[Records from a data source]
........
lemma single_valued_missing_arcs:
  assumes "digraph V A" "card V \<ge> 2" "card V - 2 \<le> lambda_k V A 2"
  shows "single_valued (complete_arcs V - A)"
proof (rule single_valuedI)
  fix u v w
  assume uv: "(u, v) \<in> complete_arcs V - A" and uw: "(u, w) \<in> complete_arcs V - A"
  show "v = w"
  proof (rule ccontr)
    assume "v \<noteq> w"
    have "finite V" "A \<subseteq> complete_arcs V" "u \<in> V"
      using assms(1) uv unfolding digraph_def complete_arcs_def by auto
    then have "card (A `` {u}) + card ((complete_arcs V - A) `` {u}) = card V - 1"
      by (rule card_out_arcs_add_missing)
    moreover have "card {v, w} \<le> card ((complete_arcs V - A) `` {u})"
      using uv uw \<open>finite V\<close>
      by (intro card_mono finite_subset[OF _ \<open>finite V\<close>]) (auto simp: complete_arcs_def)
    moreover have "card V - 2 \<le> card (A `` {u})"
      using assms(3) lambda_2_le_out_degree[OF assms(1,2) \<open>u \<in> V\<close>] by linarith
    ultimately show False
      using \<open>v \<noteq> w\<close> assms(2) by simp
  qed
qed

lemma digraph_converse: "digraph V A \<Longrightarrow> digraph V (A\<inverse>)"
  unfolding digraph_def by auto

lemma lambda_2_ge_iff:
  assumes "digraph V A" "card V \<ge> 2"
  shows "card V - 2 \<le> lambda_k V A 2 \<longleftrightarrow>
    single_valued (complete_arcs V - A) \<and> single_valued ((complete_arcs V - A)\<inverse>)"
    (is "_ \<longleftrightarrow> single_valued ?M \<and> single_valued (?M\<inverse>)")
proof
  assume "card V - 2 \<le> lambda_k V A 2"
  moreover have "?M\<inverse> = complete_arcs V - A\<inverse>"
    by (auto simp: complete_arcs_def)
  ultimately show "single_valued ?M \<and> single_valued (?M\<inverse>)"
    using single_valued_missing_arcs[OF assms] 
      single_valued_missing_arcs[OF digraph_converse[OF assms(1)] assms(2)]
    by (simp add: lambda_k_converse)
next
  assume "single_valued ?M \<and> single_valued (?M\<inverse>)"
  moreover have "complete_arcs V - ?M = A" "?M \<subseteq> complete_arcs V" "finite V"
    using assms(1) unfolding digraph_def complete_arcs_def by auto
  ultimately have "strong_packing V A {x, y} (card V - 2)"
    if "x \<in> V" "y \<in> V" "x \<noteq> y" for x y
    using near_complete_pair.strong_packing_near_complete[of V ?M x y] that
    by (simp add: near_complete_pair_def)
  then show "card V - 2 \<le> lambda_k V A 2"
    by (rule le_lambda_2I[OF assms])
qed

lemma single_valued_insert_iff:
  "single_valued (insert (a, b) r) \<longleftrightarrow> single_valued r \<and> (\<forall>c. (a, c) \<in> r \<longrightarrow> c = b)"
  unfolding single_valued_def by blast

lemma min_strong_2_iff:
  assumes "digraph V A" "card V \<ge> 2"
  defines "M \<equiv> complete_arcs V - A"
  shows "min_strong_arc_conn V A 2 (card V - 2) \<longleftrightarrow>
    single_valued M \<and> single_valued (M\<inverse>) \<and> (\<forall>p \<in> V - Domain M. \<forall>q \<in> V - Range M. p = q)"
proof -
  have critical: "lambda_k V (A - {(p, q)}) 2 < card V - 2 \<longleftrightarrow> p \<in> Domain M \<or> q \<in> Range M"
    if "(p, q) \<in> A" "single_valued M" "single_valued (M\<inverse>)" for p q
  proof -
    have "complete_arcs V - (A - {(p, q)}) = insert (p, q) M"
      using that(1) assms(1) unfolding M_def digraph_def complete_arcs_def by auto
    moreover have "(insert (p, q) M)\<inverse> = insert (q, p) (M\<inverse>)"
      by auto
    moreover have "(p, q) \<notin> M"
      using that(1) unfolding M_def by simp
    then have "single_valued (insert (p, q) M) \<longleftrightarrow> p \<notin> Domain M"
      and "single_valued (insert (q, p) (M\<inverse>)) \<longleftrightarrow> q \<notin> Range M"
      using that(2,3) by (auto simp: single_valued_insert_iff)
    moreover have "digraph V (A - {(p, q)})"
      using assms(1) unfolding digraph_def by auto
    ultimately have "card V - 2 \<le> lambda_k V (A - {(p, q)}) 2 \<longleftrightarrow> p \<notin> Domain M \<and> q \<notin> Range M"
      using lambda_2_ge_iff[of V "A - {(p, q)}"] assms(2) by simp
    then show ?thesis
      by (metis not_le)
  qed
  have A_eq: "A = complete_arcs V - M"
    using assms(1) unfolding M_def digraph_def complete_arcs_def by auto
  have "(\<forall>(p, q) \<in> A. p \<in> Domain M \<or> q \<in> Range M) \<longleftrightarrow>
        (\<forall>p \<in> V - Domain M. \<forall>q \<in> V - Range M. p = q)"
    unfolding A_eq complete_arcs_def by (auto 0 3)
  then show ?thesis
    unfolding min_strong_arc_conn_def using lambda_2_ge_iff[OF assms(1,2)] critical
    by (auto simp flip: M_def)
qed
........
Above are some records. Count the lines among them with the word "auto", and answer with the number only.

▶ [Response]: 12